I’m also using Docker Compose out of preference, as it effectively documents the run options for the image, and gives me the option to extend the setup easily to add more containers for more functionality. This is the Docker Compose YAML file:
semi-retired-api:
container_name: semi-retired-api
hostname: semi-retired-api
image: sixeyed/semi-retired-api:1.1.3.0
ports:
- "8080:8080"
restart: always
That specifies the source image and runtime options for the container, and the restart: always
flag ensures the container gets started whenever the machine boots.

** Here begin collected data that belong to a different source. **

lemma cell_coord:
  assumes "grid J P" "a \<in> cells J P" "j \<in> J"
  shows "a j \<in> P j" "0 \<le> a j" "a j < 1" "nxt (P j) (a j) \<in> P j"
    "a j < nxt (P j) (a j)" "nxt (P j) (a j) \<le> 1"
proof -
  have P: "finite (P j)" "P j \<subseteq> {0..1}" "1 \<in> P j"
    using assms(1,3) by (auto simp: grid_def)
  show aj: "a j \<in> P j"
    using assms(2,3) by (auto simp: cells_def PiE_iff)
  moreover have "a j \<noteq> 1"
    using assms(2,3) by (auto simp: cells_def PiE_iff)
  ultimately show "0 \<le> a j" "a j < 1"
    using P(2) by force+
  then show "nxt (P j) (a j) \<in> P j" "a j < nxt (P j) (a j)"
    using nxt_props[OF P(1,3)] by auto
  then show "nxt (P j) (a j) \<le> 1"
    using P(2) by auto
qed

lemma face_point_cell_in_cube: "grid J P \<Longrightarrow> a \<in> cells J P \<Longrightarrow> face_point J a \<in> cube"
  by (auto simp: mem_box_cart dest: cell_coord)

definition grid_ceil :: "real set \<Rightarrow> real \<Rightarrow> real" where
  "grid_ceil P x = Min {y\<in>P. x \<le> y}"

lemma grid_ceil_props:
  assumes "finite P" "1 \<in> P" "x \<le> 1"
  shows "grid_ceil P x \<in> P" "x \<le> grid_ceil P x" "\<And>y. y \<in> P \<Longrightarrow> x \<le> y \<Longrightarrow> grid_ceil P x \<le> y"
proof -
  have ne: "{y\<in>P. x \<le> y} \<noteq> {}" and fin: "finite {y\<in>P. x \<le> y}"
    using assms by auto
  show "grid_ceil P x \<in> P" "x \<le> grid_ceil P x"
    using Min_in[OF fin ne] by (auto simp: grid_ceil_def)
  show "\<And>y. y \<in> P \<Longrightarrow> x \<le> y \<Longrightarrow> grid_ceil P x \<le> y"
    using fin by (auto simp: grid_ceil_def)
qed

lemma PiE_Collect_ball:
  "{a\<in>PiE J A. \<forall>j\<in>J. Q j (a j)} = PiE J (\<lambda>j. {y\<in>A j. Q j y})"
  by (auto simp: PiE_iff extensional_def)

lemma sum_cell_vol_above:
  fixes g :: "real^'n::finite \<Rightarrow> real"
  assumes P: "grid J P" and x: "\<And>j. j \<in> J \<Longrightarrow> 0 \<le> x$j \<and> x$j \<le> 1"
  shows "(\<Sum>a\<in>cells J P. cell_vol J g P a * (if \<forall>j\<in>J. x$j \<le> a j then 1 else 0))
       = vol J g (\<lambda>j. grid_ceil (P j) (x$j)) (\<lambda>_. 1)"
proof -
  define b where "b = (\<lambda>j. grid_ceil (P j) (x$j))"
  have "(\<Sum>a\<in>cells J P. cell_vol J g P a * (if \<forall>j\<in>J. x$j \<le> a j then 1 else 0))
      = (\<Sum>a\<in>{a\<in>cells J P. \<forall>j\<in>J. x$j \<le> a j}. cell_vol J g P a)"
    by (simp add: sum.inter_filter[OF finite_cells[OF P]] if_distrib cong: if_cong)
  also have "{a\<in>cells J P. \<forall>j\<in>J. x$j \<le> a j} = PiE J (\<lambda>j. {y\<in>P j - {1}. x$j \<le> y})"
    unfolding cells_def by (rule PiE_Collect_ball)
  also have "\<dots> = PiE J (\<lambda>j. {y\<in>P j. b j \<le> y \<and> y < 1})"
  proof (rule PiE_cong)
    fix j assume j: "j \<in> J"
    have Pj: "finite (P j)" "P j \<subseteq> {0..1}" "1 \<in> P j"
      using P j by (auto simp: grid_def)
    show "{y \<in> P j - {1}. x$j \<le> y} = {y \<in> P j. b j \<le> y \<and> y < 1}"
      using grid_ceil_props[OF Pj(1,3), of "x$j"] x[OF j] Pj(2) unfolding b_def by force
  qed
  also have "(\<Sum>a\<in>PiE J (\<lambda>j. {y\<in>P j. b j \<le> y \<and> y < 1}). cell_vol J g P a) = vol J g b (\<lambda>_. 1)"
    unfolding cell_vol_def
  proof (rule vol_sum_PiE)
    fix j assume j: "j \<in> J"
    have Pj: "finite (P j)" "P j \<subseteq> {0..1}" "1 \<in> P j"
      using P j by (auto simp: grid_def)
    show "finite {y\<in>P j. b j \<le> y \<and> y < 1}"
      using Pj by auto
    fix f :: "real \<Rightarrow> real"
    show "(\<Sum>y\<in>{y\<in>P j. b j \<le> y \<and> y < 1}. f (nxt (P j) y) - f y) = f 1 - f (b j)"
      by (rule sum_nxt_telescope) (use grid_ceil_props[OF Pj(1,3), of "x$j"] x[OF j] Pj in \<open>auto simp: b_def\<close>)
  qed
  finally show ?thesis by (simp add: b_def)
qed

lemma alternating_sum_cell_vol_above:
  fixes g :: "real^'n::finite \<Rightarrow> real"
  assumes "grid S P" "\<And>j. j \<in> S \<Longrightarrow> 0 \<le> x$j \<and> x$j \<le> 1"
  shows "(\<Sum>J\<in>Pow S. (-1) ^ card J *
            (\<Sum>a\<in>cells J P. cell_vol J g P a * (if \<forall>j\<in>J. x$j \<le> a j then 1 else 0)))
       = g (face_point S (\<lambda>i. grid_ceil (P i) (x$i)))"
proof -
  have "grid J P" "\<And>j. j \<in> J \<Longrightarrow> 0 \<le> x$j \<and> x$j \<le> 1" if "J \<in> Pow S" for J
    using assms that by (auto simp: grid_def)
  then have "(\<Sum>J\<in>Pow S. (-1) ^ card J *
            (\<Sum>a\<in>cells J P. cell_vol J g P a * (if \<forall>j\<in>J. x$j \<le> a j then 1 else 0)))
      = (\<Sum>J\<in>Pow S. (-1) ^ card J * vol J g (\<lambda>j. grid_ceil (P j) (x$j)) (\<lambda>_. 1))"
    by (intro sum.cong refl) (simp add: sum_cell_vol_above)
  also have "\<dots> = g (face_point S (\<lambda>i. grid_ceil (P i) (x$i)))"
    by (rule alternating_sum_vol)
  finally show ?thesis .
qed

definition grid_parent :: "'n set \<Rightarrow> ('n \<Rightarrow> real set) \<Rightarrow> ('n \<Rightarrow> real) \<Rightarrow> ('n \<Rightarrow> real)" where
  "grid_parent J P a = restrict (\<lambda>j. Max {y\<in>P j. y \<le> a j}) J"

lemma Max_grid_below_eq_iff:
  assumes "finite P" "0 \<in> P" "1 \<in> P" "P \<subseteq> {0..1}" "c \<in> P" "c < 1" "0 \<le> y" "y < 1"
  shows "Max {z\<in>P. z \<le> y} = c \<longleftrightarrow> c \<le> y \<and> y < nxt P c"
proof -
  have fin: "finite {z\<in>P. z \<le> y}" and ne: "{z\<in>P. z \<le> y} \<noteq> {}"
    using assms by auto
  have M: "Max {z\<in>P. z \<le> y} \<in> P" "Max {z\<in>P. z \<le> y} \<le> y"
    using Max_in[OF fin ne] by auto
  have Mge: "\<And>z. z \<in> P \<Longrightarrow> z \<le> y \<Longrightarrow> z \<le> Max {z\<in>P. z \<le> y}"
    using fin by auto
  note np = nxt_props[OF assms(1,3,6)]
  show ?thesis
  proof
    assume eq: "Max {z\<in>P. z \<le> y} = c"
    then show "c \<le> y \<and> y < nxt P c"
      using M Mge[OF np(1)] np(2) by force
  next
    assume c: "c \<le> y \<and> y < nxt P c"
    have "\<not> c < Max {z\<in>P. z \<le> y}"
      using np(3)[OF M(1)] M(2) c by force
    then show "Max {z\<in>P. z \<le> y} = c"
      using Mge[OF assms(5)] c by force
  qed
qed

lemma grid_parent_in_cells:
  assumes "grid J P" "grid J R" "a' \<in> cells J R"
  shows "grid_parent J P a' \<in> cells J P"
  unfolding cells_def PiE_iff
proof (intro conjI ballI)
  show "grid_parent J P a' \<in> extensional J"
    by (simp add: grid_parent_def)
  fix j assume j: "j \<in> J"
  have Pj: "finite (P j)" "0 \<in> P j"
    using assms(1) j by (auto simp: grid_def)
  have a'j: "0 \<le> a' j" "a' j < 1"
    using cell_coord[OF assms(2,3) j] by auto
  have "finite {z\<in>P j. z \<le> a' j}" "{z\<in>P j. z \<le> a' j} \<noteq> {}"
    using Pj a'j by auto
  from Max_in[OF this] show "grid_parent J P a' j \<in> P j - {1}"
    using a'j j by (auto simp: grid_parent_def)
qed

Running the API in Docker is as simple as docker-compose up -d
, and then I can check the API with cURL:
elton@sc-ub-brix:~ curl http://localhost:8080/device/12345/news
{
"items":
[
{
"id": "news.item.1",
"priority": 100,
"headline":"HBase Succinctly released",
"itemUrl":"http://www.syncfusion.com/resources/techportal/details/ebooks/hbase"
},
{
"id": "news.item.2",
"priority": 150,
"headline":"HDInsight Deep Dive: Storm, HBase and Hive released",
"itemUrl":"https://www.pluralsight.com/courses/hdinsight-deep-dive-storm-hbase-hive"
}
]
}
Next Steps
Actually, the whole point of this project was not to have any next steps, but to end with a simple, high performance API running with very low TCO. That’s what we have now, but there are a couple of nice-to-haves which I want to put in at some point:
add a ‘data’ container and have NGINX logs files written into the data container;
add a ‘log-uploader’ container which periodically reads the NGINX access logs from the data container and uploads them
somewhere for analysis.
If at some point we need to do something with the data we get POSTed, then I can add another container running a Node app to do that, extend the NGINX config to proxy the POST requests out to the Node container, and add a Node image to the Compose file.
Until then, this API is just enjoying semi-retirement.